After some alpha testing, the profiling produces rather useful results now. However some graphic cards produce weird results, which could be connected to multiple parallel Vertex-Processing-Units inserting Vertices into the Cache.

Also Problematic are measurings like this. The examined graphics card has a cache of 24 and 12 would be perfect with the given tri-strip layout.

11 Vertices per Ring. 3,796ms averaged per draw.
12 Vertices per Ring. 3,821ms averaged per draw.
13 Vertices per Ring. 6,515ms averaged per draw.

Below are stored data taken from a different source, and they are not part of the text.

(* Let $L\ge 2$ and let $\Theta$ be a model, i.e. a set of probability vectors $(p_x)_{x\in\{0,1\}^L}$ with $p_x>0$ for all $x$ and $\sum_x p_x=1$. If $\Theta$ admits a consistent population size estimator, then there exists a function $f$ such that $p_{\mathbf{0}} = f\big((q_x)_{x\neq \mathbf{0}}\big)$ for all $(p_x)_{x\in\{0,1\}^L}\in\Theta$, where $q_x = p_x/(1-p_{\mathbf{0}})$ for $x\neq\mathbf{0}$.
   Context: Multiple systems estimation setting: there are $L$ lists and a population of individuals $i=1,2,3,\dots$. Each individual has a list inclusion pattern $W_i=(W_{i,1},\dots,W_{i,L})\in\{0,1\}^L$, with $W_{i,j}=1$ iff individual $i$ appears on list $j$; $\mathbf{0}=(0,\dots,0)$ means unobserved. The $W_i$ are independent and identically distributed with $\mathbb{P}(W_i=x)=p_x$. For a population of size $N$ the observed data are the counts $n_x^{(N)}=\#\{i\le N: W_i=x\}$ for $x\in\{0,1\}^L\setminus\{\mathbf{0}\}$. A population size estimator $\hat N$ is a function of the observed counts $(n_x)_{x\neq\mathbf{0}}$. It is consistent for a model $\Theta$ if, whenever $(p_x)\in\Theta$, $\hat N\big((n_x^{(N)})_{x\neq\mathbf{0}}\big)/N\to 1$ almost surely as $N\to\infty$. *)

theory Defs
  imports "HOL-Probability.Probability"
begin

text \<open>List inclusion patterns x in {0,1}^L, encoded as boolean lists of length L.\<close>
definition patterns :: "nat \<Rightarrow> bool list set" where
  "patterns L = {xs. length xs = L}"

definition zero_pat :: "nat \<Rightarrow> bool list" where
  "zero_pat L = replicate L False"

definition prob_vector :: "nat \<Rightarrow> (bool list \<Rightarrow> real) \<Rightarrow> bool" where
  "prob_vector L p \<longleftrightarrow> (\<forall>x\<in>patterns L. p x > 0) \<and> (\<Sum>x\<in>patterns L. p x) = 1"

definition pattern_pmf :: "nat \<Rightarrow> (bool list \<Rightarrow> real) \<Rightarrow> bool list pmf" where
  "pattern_pmf L p = embed_pmf (\<lambda>x. if x \<in> patterns L then p x else 0)"

definition iid_law :: "nat \<Rightarrow> (bool list \<Rightarrow> real) \<Rightarrow> (nat \<Rightarrow> bool list) measure" where
  "iid_law L p = (\<Pi>\<^sub>M i\<in>UNIV. measure_pmf (pattern_pmf L p))"

definition obs_counts :: "nat \<Rightarrow> (nat \<Rightarrow> bool list) \<Rightarrow> nat \<Rightarrow> bool list \<Rightarrow> nat" where
  "obs_counts L w N = (\<lambda>x. if x \<in> patterns L - {zero_pat L} then card {i. i < N \<and> w i = x} else 0)"

definition consistent_estimator ::
  "nat \<Rightarrow> (bool list \<Rightarrow> real) set \<Rightarrow> ((bool list \<Rightarrow> nat) \<Rightarrow> real) \<Rightarrow> bool" where
  "consistent_estimator L \<Theta> Nhat \<longleftrightarrow>
     (\<forall>p\<in>\<Theta>. AE w in iid_law L p. (\<lambda>N. Nhat (obs_counts L w N) / real N) \<longlonglongrightarrow> 1)"

definition qvec :: "nat \<Rightarrow> (bool list \<Rightarrow> real) \<Rightarrow> bool list \<Rightarrow> real" where
  "qvec L p = (\<lambda>x. if x \<in> patterns L - {zero_pat L} then p x / (1 - p (zero_pat L)) else 0)"

end

theory Submission
  imports Defs
begin

text \<open>
  Think of the individuals as an i.i.d. stream with law \<open>p\<close>. Deleting the unobserved ones
  leaves the stream of observed patterns, which is again i.i.d., now with law the conditional
  distribution \<open>q\<close>; hence every statistic of the observed stream has a law depending on \<open>q\<close>
  alone. One such statistic is \<open>N\<^sub>k/k\<close>, where \<open>N\<^sub>k\<close> is the estimate computed from the first
  \<open>k\<close> observed individuals. By the strong law of large numbers about \<open>N (1 - p\<^sub>0)\<close> of the first
  \<open>N\<close> individuals are observed, so consistency of the estimator forces \<open>N\<^sub>k/k\<close> to converge
  almost surely to \<open>1 / (1 - p\<^sub>0)\<close>. Two models with the same \<open>q\<close> therefore have the same \<open>p\<^sub>0\<close>.
\<close>

section \<open>Filtering and counting\<close>

text \<open>\<open>sdrop_while\<close> is a tail-recursive partial function: where the recursion never stops its value
  is \<open>undefined\<close>, a fixed stream, which is what makes \<open>sdrop_while\<close> and \<open>sfilter\<close> measurable.\<close>

lemma sdrop_while_never:
  assumes "\<forall>n. P (s !! n)"
  shows "sdrop_while P s = undefined"
proof (rule ccontr)
  assume defined: "sdrop_while P s \<noteq> undefined"
  have "(\<lambda>(P, s) _. \<exists>n. \<not> P (s !! n)) (P, s) (sdrop_while P s)"
  proof (rule sdrop_while.raw_induct[where Pa = "\<lambda>(P, s) _. \<exists>n. \<not> P (s !! n)", OF _ refl defined])
    fix P s and IH :: "('a \<Rightarrow> bool) \<Rightarrow> 'a stream \<Rightarrow> 'a stream" and y
    assume IH: "\<And>P' s' y. IH P' s' = y \<Longrightarrow> y \<noteq> undefined \<Longrightarrow> (\<lambda>(P, s) _. \<exists>n. \<not> P (s !! n)) (P', s') y"
      and y: "(if P (shd s) then IH P (stl s) else s) = y" "y \<noteq> undefined"
    show "(\<lambda>(P, s) _. \<exists>n. \<not> P (s !! n)) (P, s) y"
    proof (cases "P (shd s)")
      case True
      with IH[of P "stl s" y] y obtain n where "\<not> P (stl s !! n)" by auto
      then show ?thesis by (auto intro: exI[of _ "Suc n"])
    qed (auto intro: exI[of _ 0])
  qed
  with assms show False by auto
qed

lemma sdrop_while_Not_eq:
  "sdrop_while (Not \<circ> P) s = (if \<exists>n. P (s !! n) then sdrop (LEAST n. P (s !! n)) s else undefined)"
  by (simp add: sdrop_while_sdrop_LEAST sdrop_while_never)

lemma measurable_sdrop_while[measurable]:
  "sdrop_while (Not \<circ> P) \<in> measurable (stream_space (count_space UNIV)) (stream_space (count_space UNIV))"
proof -
  have [measurable]: "Measurable.pred (stream_space (count_space UNIV)) (\<lambda>s. P (s !! n))" for n
    by (rule measurable_compose[OF measurable_snth]) simp
  have [measurable]: "(\<lambda>s. sdrop (LEAST n. P (s !! n)) s)
      \<in> measurable (stream_space (count_space UNIV)) (stream_space (count_space UNIV))"
    by (rule measurable_compose_countable[where f = "\<lambda>i s. sdrop i s"]) measurable
  have ex: "{s \<in> space (stream_space (count_space UNIV)). \<exists>n. P (s !! n)}
      \<in> sets (stream_space (count_space UNIV))"
    by measurable
  show ?thesis
    unfolding sdrop_while_Not_eq[abs_def]
    by (intro measurable_If ex measurable_const) (auto simp: space_stream_space)
qed

lemma measurable_sfilter[measurable]:
  "sfilter P \<in> measurable (stream_space (count_space UNIV)) (stream_space (count_space UNIV))"
proof -
  let ?S = "stream_space (count_space UNIV) :: 'a stream measure"
  have "(\<lambda>s. sfilter P (id s)) \<in> measurable ?S ?S"
  proof (rule measurable_stream_coinduct[where
        F = "\<lambda>f. \<exists>g \<in> measurable ?S ?S. f = (\<lambda>s. sfilter P (g s))"])
    show "\<exists>g \<in> measurable ?S ?S. (\<lambda>s. sfilter P (id s)) = (\<lambda>s. sfilter P (g s))"
      by (intro bexI[of _ id]) auto
  next
    fix f assume "\<exists>g \<in> measurable ?S ?S. f = (\<lambda>s. sfilter P (g s))"
    then obtain g where [measurable]: "g \<in> measurable ?S ?S" and f: "f = (\<lambda>s. sfilter P (g s))" by blast
    show "(\<lambda>s. shd (f s)) \<in> measurable ?S (count_space UNIV)"
      unfolding f by simp
    show "\<exists>g \<in> measurable ?S ?S. (\<lambda>s. stl (f s)) = (\<lambda>s. sfilter P (g s))"
      unfolding f by (intro bexI[of _ "\<lambda>s. stl (sdrop_while (Not \<circ> P) (g s))"]) auto
  qed
  then show ?thesis by simp
qed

To get a more clear picture about this problem, I need Your help. Please run the application and do a profiling run by pressing "P". This will take a few seconds, then a new file is created in the Logs/ Folder. If you want, you can run multiple tests with different P/Q or disabling Texture2D, however a single benchmark from the default settings will be perfectly sufficient. Please attach or c&p that text file into this thread, this will take you less than 2 minutes, if you don't start toying around in interactive mode ;)

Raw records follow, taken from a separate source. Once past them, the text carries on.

lemma has_period_of_greatest_proper_suffixes:
  fixes u :: "int list"
  assumes k: "greatest_proper_suffix u k" and k': "greatest_proper_suffix (map uminus u) k'"
    and "k' \<le> k" and "k + q \<le> length u"
    and prefix_periodic: "\<And>e. e < k \<Longrightarrow> u ! e = u ! (e + q)"
  shows "has_period u q"
proof -
  define v where "v = drop k u"
  define z where "z = drop (k + q) u"
  have "0 < k" using k unfolding greatest_proper_suffix_def by simp
  have "z \<le> v" using \<open>0 < k\<close> k unfolding z_def v_def by (simp add: greatest_proper_suffix_drop_le)
  have "map uminus z \<le> map uminus v"
  proof (cases "z = []")
    case False
    define t where "t = take (k - k') (drop k' u)"
    have "drop k' u = t @ v"
      unfolding t_def v_def using \<open>k' \<le> k\<close> by (metis append_take_drop_id drop_drop le_add_diff_inverse2)
    moreover have "drop (k' + q) u = t @ z"
    proof -
      have "take (k - k') (drop (k' + q) u) = t"
        unfolding t_def using \<open>k' \<le> k\<close> \<open>k + q \<le> length u\<close>
        by (intro nth_equalityI) (auto simp: prefix_periodic add.commute add.left_commute)
      moreover have "drop (k - k') (drop (k' + q) u) = z"
        unfolding z_def using \<open>k' \<le> k\<close> by simp
      ultimately show ?thesis by (metis append_take_drop_id)
    qed
    moreover have "drop (k' + q) (map uminus u) \<le> drop k' (map uminus u)"
      using k' by (intro greatest_proper_suffix_drop_le) (auto simp: greatest_proper_suffix_def)
    ultimately show ?thesis by (simp add: drop_map append_le_append_iff)
  qed simp
  with \<open>z \<le> v\<close> have "take (length z) v = z" by (rule take_eq_if_le_both_orders)
  show ?thesis
    unfolding has_period_def
  proof (intro allI impI)
    fix s assume "s + q < length u"
    show "u ! s = u ! (s + q)"
    proof (cases "s < k")
      case False
      then have "s - k < length z" using \<open>s + q < length u\<close> unfolding z_def by simp
      then have "v ! (s - k) = z ! (s - k)" using \<open>take (length z) v = z\<close> by (metis nth_take)
      then show ?thesis using False \<open>s + q < length u\<close> unfolding v_def z_def by (simp add: add.commute)
    qed (rule prefix_periodic)
  qed
qed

Make sure you have OpenTK.dll available to the app.

Thanks!

Edit: As promised, the source code. Only little documentation, most of it is trivial. Use at your own risk! :P

The Torusknot.cs class itself handles the mesh from generating Vertices and Triangles up to the VBO. A Torus Knot is specified like this
Create( uint pathsteps, uint shapevertices, float radius, int p, int q )
where pathsteps is the count how many Rings are in the Knot. shapevertices defines the number of Vertices per Ring.

The other files aren't really interesting and only included so you can build the app.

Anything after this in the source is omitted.